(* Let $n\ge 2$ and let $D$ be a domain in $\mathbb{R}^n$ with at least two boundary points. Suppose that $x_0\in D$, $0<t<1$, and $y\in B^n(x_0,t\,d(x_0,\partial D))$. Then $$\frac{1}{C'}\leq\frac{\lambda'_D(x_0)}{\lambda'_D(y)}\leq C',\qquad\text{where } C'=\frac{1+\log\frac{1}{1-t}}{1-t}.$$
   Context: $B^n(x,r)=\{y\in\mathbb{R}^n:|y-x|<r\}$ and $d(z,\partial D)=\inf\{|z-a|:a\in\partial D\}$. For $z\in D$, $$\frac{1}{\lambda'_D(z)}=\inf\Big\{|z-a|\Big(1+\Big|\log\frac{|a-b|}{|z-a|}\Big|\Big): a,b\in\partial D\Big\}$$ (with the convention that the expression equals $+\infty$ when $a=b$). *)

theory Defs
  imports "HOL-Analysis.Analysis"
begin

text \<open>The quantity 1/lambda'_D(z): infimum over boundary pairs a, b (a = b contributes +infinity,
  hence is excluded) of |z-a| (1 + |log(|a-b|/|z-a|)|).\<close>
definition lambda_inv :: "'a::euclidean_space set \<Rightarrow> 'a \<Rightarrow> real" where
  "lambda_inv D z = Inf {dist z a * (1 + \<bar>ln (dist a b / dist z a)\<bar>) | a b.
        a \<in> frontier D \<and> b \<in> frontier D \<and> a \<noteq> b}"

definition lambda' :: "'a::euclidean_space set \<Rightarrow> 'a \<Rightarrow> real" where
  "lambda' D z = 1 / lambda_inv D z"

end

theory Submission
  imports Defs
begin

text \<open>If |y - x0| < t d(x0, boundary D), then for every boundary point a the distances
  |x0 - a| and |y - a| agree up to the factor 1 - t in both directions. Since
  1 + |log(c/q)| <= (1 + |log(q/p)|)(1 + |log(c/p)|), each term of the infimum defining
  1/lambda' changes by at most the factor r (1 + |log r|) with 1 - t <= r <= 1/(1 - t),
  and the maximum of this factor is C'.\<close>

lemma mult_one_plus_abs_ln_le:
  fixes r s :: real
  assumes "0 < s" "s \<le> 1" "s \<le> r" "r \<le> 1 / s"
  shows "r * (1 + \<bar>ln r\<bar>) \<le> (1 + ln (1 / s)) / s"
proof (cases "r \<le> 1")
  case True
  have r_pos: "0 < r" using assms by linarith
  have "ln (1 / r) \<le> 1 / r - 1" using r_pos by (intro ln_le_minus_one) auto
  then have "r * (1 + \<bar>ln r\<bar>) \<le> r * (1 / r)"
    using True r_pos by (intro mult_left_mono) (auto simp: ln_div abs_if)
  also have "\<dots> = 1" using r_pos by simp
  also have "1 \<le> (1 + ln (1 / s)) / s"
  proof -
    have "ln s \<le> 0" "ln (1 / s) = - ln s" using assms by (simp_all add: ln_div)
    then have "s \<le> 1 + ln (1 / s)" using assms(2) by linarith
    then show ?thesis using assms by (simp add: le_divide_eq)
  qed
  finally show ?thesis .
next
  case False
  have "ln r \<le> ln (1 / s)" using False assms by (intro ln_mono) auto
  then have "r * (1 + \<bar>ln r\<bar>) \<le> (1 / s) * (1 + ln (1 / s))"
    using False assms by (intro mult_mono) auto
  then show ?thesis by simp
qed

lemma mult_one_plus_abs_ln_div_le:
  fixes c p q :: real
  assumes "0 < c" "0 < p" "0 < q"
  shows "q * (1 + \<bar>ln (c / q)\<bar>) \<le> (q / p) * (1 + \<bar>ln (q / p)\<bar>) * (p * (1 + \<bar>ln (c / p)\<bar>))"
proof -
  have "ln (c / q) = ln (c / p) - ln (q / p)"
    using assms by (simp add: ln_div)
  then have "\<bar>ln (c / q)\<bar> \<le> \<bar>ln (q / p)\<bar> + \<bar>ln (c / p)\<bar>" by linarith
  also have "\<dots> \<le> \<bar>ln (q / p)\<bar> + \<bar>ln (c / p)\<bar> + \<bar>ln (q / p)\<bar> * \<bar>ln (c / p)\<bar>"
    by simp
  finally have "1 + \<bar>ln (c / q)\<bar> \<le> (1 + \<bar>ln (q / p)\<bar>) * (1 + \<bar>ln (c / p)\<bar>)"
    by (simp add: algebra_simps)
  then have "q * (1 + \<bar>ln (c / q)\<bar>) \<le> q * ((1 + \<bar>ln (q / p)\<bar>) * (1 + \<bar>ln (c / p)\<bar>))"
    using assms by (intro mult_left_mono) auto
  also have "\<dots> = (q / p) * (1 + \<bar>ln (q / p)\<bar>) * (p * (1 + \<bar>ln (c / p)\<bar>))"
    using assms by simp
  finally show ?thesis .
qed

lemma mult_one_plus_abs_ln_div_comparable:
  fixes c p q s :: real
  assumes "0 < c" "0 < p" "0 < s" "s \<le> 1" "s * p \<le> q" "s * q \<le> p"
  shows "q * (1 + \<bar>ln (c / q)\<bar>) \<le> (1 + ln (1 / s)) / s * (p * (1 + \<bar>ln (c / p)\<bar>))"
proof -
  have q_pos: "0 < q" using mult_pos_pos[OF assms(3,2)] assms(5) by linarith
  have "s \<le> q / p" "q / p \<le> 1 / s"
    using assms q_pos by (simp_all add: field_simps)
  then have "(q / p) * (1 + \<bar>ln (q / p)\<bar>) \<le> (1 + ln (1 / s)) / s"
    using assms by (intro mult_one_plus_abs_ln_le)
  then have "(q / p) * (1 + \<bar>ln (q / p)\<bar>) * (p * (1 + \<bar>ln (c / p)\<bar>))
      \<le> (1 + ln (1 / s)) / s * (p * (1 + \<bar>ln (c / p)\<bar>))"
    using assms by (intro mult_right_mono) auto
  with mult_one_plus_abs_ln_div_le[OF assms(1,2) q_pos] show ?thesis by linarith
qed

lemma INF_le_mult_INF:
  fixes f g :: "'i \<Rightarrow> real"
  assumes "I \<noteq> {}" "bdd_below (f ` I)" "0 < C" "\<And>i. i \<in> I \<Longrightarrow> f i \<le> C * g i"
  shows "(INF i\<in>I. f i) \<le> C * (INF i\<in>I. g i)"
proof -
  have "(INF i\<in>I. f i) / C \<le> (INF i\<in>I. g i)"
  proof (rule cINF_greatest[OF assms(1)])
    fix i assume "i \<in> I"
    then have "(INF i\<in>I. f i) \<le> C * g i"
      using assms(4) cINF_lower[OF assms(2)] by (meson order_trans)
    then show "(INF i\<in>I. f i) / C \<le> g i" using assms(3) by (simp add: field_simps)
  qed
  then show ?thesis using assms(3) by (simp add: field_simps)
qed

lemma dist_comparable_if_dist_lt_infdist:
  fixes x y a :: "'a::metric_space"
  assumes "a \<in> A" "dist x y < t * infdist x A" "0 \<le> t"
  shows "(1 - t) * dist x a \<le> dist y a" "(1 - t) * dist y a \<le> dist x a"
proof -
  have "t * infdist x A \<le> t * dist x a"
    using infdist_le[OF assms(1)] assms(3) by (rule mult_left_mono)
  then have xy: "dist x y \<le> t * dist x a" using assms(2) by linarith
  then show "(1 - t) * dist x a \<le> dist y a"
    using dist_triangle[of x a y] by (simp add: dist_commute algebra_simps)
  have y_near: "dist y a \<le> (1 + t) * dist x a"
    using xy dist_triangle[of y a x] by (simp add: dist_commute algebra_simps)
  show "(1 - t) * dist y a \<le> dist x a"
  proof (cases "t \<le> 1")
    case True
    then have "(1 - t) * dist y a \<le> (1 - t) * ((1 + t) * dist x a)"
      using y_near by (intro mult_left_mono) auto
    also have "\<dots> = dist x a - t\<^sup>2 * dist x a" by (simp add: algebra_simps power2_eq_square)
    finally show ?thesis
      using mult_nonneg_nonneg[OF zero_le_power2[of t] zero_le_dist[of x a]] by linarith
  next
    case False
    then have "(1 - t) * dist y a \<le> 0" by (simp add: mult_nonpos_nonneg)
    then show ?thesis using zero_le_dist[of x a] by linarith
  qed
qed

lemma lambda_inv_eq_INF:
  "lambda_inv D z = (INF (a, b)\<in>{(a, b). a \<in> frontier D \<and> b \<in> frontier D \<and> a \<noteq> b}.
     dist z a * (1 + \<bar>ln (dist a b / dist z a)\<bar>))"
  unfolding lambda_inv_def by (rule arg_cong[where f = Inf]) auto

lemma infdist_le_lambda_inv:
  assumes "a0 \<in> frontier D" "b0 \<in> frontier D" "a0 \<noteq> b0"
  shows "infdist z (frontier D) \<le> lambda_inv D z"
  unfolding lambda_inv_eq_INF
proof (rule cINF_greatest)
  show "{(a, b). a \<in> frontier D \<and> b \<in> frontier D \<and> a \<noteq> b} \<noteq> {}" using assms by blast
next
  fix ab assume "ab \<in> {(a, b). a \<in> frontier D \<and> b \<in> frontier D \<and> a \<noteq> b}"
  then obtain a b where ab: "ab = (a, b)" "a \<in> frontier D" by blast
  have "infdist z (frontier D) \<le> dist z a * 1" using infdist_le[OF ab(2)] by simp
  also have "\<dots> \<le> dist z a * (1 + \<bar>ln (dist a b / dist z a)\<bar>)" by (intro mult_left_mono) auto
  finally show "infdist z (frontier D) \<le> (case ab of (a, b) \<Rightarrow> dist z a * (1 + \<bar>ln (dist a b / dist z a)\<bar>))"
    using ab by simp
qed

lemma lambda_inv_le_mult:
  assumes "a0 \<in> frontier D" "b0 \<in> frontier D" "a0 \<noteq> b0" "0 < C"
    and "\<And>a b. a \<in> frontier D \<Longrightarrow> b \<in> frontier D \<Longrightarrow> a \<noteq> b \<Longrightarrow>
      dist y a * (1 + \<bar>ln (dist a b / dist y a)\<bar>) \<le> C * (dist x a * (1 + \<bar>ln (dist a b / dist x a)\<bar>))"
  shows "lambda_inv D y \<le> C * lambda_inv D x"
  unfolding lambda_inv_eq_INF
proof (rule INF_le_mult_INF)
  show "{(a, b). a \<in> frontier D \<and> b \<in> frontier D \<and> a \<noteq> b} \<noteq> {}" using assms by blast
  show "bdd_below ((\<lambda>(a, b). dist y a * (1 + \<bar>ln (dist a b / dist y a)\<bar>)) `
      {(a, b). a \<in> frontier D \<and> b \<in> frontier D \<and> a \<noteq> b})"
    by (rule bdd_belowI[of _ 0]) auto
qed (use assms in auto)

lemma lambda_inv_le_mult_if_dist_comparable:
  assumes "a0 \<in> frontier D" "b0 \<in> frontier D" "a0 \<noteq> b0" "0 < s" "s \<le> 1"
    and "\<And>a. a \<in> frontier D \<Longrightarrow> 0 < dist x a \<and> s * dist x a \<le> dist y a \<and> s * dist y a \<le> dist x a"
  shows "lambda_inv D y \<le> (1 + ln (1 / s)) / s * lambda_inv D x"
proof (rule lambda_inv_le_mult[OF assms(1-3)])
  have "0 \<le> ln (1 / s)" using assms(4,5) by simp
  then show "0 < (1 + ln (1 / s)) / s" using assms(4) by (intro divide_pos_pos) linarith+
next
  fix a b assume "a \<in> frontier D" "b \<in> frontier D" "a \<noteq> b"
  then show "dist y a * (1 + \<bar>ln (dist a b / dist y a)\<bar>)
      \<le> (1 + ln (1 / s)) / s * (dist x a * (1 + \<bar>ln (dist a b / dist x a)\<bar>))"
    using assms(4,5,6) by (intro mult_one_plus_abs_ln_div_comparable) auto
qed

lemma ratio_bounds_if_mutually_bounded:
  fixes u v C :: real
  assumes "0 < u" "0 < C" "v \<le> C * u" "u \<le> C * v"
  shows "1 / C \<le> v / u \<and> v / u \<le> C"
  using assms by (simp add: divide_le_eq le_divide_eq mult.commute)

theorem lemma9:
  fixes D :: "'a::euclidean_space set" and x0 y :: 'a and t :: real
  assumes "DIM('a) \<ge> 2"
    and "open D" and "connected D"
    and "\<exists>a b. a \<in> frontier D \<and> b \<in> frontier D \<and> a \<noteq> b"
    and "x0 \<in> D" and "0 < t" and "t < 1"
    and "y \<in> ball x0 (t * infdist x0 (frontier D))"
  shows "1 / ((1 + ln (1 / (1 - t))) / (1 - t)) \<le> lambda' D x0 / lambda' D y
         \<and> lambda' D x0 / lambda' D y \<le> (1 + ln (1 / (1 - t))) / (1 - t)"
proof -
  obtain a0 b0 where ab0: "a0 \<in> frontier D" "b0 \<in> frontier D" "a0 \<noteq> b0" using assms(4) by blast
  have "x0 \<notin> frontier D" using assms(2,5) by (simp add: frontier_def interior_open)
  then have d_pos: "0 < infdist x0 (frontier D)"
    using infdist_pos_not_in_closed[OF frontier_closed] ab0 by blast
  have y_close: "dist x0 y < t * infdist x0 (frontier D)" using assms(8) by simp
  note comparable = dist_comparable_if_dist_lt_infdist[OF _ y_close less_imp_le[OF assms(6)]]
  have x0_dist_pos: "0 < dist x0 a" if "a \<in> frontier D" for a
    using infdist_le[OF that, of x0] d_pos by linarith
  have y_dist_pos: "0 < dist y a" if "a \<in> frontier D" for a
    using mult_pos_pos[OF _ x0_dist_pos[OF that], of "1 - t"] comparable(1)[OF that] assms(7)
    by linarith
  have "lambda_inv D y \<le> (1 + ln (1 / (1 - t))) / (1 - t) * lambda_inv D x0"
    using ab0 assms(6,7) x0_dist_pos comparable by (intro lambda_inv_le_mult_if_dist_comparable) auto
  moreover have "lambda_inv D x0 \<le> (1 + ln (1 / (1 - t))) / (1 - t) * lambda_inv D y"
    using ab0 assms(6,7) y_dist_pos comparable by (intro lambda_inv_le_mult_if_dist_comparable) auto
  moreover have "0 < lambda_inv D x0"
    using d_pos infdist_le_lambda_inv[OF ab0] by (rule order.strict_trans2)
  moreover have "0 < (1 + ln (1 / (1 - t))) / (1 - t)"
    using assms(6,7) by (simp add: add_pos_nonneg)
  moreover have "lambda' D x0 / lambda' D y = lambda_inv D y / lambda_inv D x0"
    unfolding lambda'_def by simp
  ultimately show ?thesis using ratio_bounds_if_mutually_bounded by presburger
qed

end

## WHAT IS REQUIRED
Retype exactly the lines from the one containing "using d_pos infdist_le_lambda_inv[OF" through the last line of the records above, including both.

## WRITTEN ANSWER
    using d_pos infdist_le_lambda_inv[OF ab0] by (rule order.strict_trans2)
  moreover have "0 < (1 + ln (1 / (1 - t))) / (1 - t)"
    using assms(6,7) by (simp add: add_pos_nonneg)
  moreover have "lambda' D x0 / lambda' D y = lambda_inv D y / lambda_inv D x0"
    unfolding lambda'_def by simp
  ultimately show ?thesis using ratio_bounds_if_mutually_bounded by presburger
qed

end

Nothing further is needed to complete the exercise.